BEGIN

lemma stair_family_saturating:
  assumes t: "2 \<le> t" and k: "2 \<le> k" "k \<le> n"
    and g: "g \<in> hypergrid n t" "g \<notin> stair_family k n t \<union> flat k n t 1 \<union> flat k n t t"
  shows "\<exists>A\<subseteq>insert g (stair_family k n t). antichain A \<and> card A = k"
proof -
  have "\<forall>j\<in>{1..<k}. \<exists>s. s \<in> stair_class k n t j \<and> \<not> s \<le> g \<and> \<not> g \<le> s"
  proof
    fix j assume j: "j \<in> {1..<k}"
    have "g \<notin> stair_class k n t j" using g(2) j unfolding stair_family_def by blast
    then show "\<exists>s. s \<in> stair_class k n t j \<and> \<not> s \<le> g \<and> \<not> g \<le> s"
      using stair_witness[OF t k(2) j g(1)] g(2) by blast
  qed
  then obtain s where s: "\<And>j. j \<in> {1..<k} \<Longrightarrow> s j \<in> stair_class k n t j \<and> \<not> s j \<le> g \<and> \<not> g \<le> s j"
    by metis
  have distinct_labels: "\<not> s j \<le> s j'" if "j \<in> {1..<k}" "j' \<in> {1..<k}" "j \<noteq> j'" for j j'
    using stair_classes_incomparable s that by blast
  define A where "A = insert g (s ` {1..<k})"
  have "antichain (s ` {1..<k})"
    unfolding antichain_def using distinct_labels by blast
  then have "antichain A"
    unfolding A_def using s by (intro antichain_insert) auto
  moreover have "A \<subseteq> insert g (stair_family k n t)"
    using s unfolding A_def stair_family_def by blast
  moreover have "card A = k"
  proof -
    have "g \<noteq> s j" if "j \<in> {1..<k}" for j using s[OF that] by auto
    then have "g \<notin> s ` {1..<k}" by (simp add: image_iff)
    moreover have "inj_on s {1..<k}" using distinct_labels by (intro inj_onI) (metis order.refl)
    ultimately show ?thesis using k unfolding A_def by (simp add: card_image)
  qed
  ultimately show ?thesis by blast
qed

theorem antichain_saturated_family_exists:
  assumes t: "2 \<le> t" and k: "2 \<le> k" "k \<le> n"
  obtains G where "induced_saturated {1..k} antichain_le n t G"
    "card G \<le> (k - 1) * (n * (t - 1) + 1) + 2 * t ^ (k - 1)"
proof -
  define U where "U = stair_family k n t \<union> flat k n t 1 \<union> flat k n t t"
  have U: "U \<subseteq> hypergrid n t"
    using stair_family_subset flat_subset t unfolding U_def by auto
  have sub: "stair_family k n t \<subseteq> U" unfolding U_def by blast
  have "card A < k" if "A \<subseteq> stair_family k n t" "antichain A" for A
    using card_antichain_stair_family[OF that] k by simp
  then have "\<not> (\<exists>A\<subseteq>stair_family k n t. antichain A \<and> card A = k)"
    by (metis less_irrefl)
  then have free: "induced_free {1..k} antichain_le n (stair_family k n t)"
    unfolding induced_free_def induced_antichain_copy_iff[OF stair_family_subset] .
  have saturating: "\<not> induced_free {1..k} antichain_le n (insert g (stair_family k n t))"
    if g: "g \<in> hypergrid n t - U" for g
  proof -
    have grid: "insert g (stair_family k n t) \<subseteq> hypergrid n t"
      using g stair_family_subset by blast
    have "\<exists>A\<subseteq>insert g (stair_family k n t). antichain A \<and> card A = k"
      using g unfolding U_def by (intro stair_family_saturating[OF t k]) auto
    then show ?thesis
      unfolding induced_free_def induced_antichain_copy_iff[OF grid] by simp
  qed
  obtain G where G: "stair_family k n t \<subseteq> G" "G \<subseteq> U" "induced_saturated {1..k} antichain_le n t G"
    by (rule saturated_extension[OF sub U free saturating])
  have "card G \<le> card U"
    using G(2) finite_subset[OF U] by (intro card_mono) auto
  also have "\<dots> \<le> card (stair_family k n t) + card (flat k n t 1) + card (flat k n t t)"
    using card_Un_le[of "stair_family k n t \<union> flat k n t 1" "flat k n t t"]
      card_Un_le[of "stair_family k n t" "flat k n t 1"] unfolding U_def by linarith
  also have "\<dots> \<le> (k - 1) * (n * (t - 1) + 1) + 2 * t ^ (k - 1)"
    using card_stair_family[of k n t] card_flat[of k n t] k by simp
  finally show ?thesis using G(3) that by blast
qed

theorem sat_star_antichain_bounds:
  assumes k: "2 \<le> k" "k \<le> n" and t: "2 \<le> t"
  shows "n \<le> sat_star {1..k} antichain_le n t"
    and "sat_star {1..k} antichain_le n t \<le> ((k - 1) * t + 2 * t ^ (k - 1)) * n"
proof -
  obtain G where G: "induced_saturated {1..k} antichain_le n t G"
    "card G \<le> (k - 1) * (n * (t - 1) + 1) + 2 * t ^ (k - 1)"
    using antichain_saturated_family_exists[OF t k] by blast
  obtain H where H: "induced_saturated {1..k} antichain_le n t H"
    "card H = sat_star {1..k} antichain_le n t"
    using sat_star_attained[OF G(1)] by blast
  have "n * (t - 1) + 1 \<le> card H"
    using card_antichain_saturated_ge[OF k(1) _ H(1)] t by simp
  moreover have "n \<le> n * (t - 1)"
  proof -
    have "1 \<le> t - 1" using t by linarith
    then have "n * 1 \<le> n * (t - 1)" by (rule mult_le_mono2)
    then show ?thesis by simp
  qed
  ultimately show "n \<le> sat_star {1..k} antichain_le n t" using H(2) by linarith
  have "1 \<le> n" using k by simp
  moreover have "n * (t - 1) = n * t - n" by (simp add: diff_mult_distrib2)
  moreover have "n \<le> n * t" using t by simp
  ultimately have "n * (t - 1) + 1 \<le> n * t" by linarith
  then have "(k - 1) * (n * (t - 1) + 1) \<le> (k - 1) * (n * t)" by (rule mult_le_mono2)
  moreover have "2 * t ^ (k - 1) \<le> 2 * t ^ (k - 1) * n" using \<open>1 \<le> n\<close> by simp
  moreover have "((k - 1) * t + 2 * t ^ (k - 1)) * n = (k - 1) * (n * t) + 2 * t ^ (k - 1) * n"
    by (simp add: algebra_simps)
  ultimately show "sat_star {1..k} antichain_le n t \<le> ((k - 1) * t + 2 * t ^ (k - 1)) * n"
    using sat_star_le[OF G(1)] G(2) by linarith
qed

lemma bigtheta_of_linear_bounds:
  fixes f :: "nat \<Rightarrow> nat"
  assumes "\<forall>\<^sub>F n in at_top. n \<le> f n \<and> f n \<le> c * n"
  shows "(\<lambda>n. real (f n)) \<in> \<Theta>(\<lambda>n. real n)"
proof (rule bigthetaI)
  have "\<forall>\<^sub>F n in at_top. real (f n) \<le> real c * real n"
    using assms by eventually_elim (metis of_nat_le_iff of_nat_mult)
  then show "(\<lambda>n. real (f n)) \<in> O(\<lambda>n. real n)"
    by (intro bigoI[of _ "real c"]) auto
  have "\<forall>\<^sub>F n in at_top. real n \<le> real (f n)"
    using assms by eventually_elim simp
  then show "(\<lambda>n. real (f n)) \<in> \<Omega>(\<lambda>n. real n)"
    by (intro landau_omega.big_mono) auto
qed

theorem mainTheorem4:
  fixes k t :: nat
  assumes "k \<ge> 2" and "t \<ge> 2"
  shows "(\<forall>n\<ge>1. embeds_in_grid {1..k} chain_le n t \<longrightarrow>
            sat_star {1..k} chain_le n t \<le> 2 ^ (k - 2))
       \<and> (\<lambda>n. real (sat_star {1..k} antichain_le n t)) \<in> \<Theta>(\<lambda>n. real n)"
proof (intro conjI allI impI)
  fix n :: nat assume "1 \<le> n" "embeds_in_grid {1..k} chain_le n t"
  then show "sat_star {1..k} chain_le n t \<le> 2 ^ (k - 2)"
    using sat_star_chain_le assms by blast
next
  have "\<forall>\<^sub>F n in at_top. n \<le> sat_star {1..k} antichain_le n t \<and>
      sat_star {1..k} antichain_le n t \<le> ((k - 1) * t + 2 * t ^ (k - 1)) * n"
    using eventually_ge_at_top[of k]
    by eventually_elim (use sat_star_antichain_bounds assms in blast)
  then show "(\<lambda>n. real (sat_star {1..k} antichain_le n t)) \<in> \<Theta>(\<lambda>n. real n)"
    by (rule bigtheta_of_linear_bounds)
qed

END

### [The task]
Please give an exact copy of the lines above, beginning with the line containing "ultimately show ?thesis using" and running through the line containing "(\<exists>A\<subseteq>stair_family k n", and of no other lines.

### [Solution]
    ultimately show ?thesis using k unfolding A_def by (simp add: card_image)
  qed
  ultimately show ?thesis by blast
qed

theorem antichain_saturated_family_exists:
  assumes t: "2 \<le> t" and k: "2 \<le> k" "k \<le> n"
  obtains G where "induced_saturated {1..k} antichain_le n t G"
    "card G \<le> (k - 1) * (n * (t - 1) + 1) + 2 * t ^ (k - 1)"
proof -
  define U where "U = stair_family k n t \<union> flat k n t 1 \<union> flat k n t t"
  have U: "U \<subseteq> hypergrid n t"
    using stair_family_subset flat_subset t unfolding U_def by auto
  have sub: "stair_family k n t \<subseteq> U" unfolding U_def by blast
  have "card A < k" if "A \<subseteq> stair_family k n t" "antichain A" for A
    using card_antichain_stair_family[OF that] k by simp
  then have "\<not> (\<exists>A\<subseteq>stair_family k n t. antichain A \<and> card A = k)"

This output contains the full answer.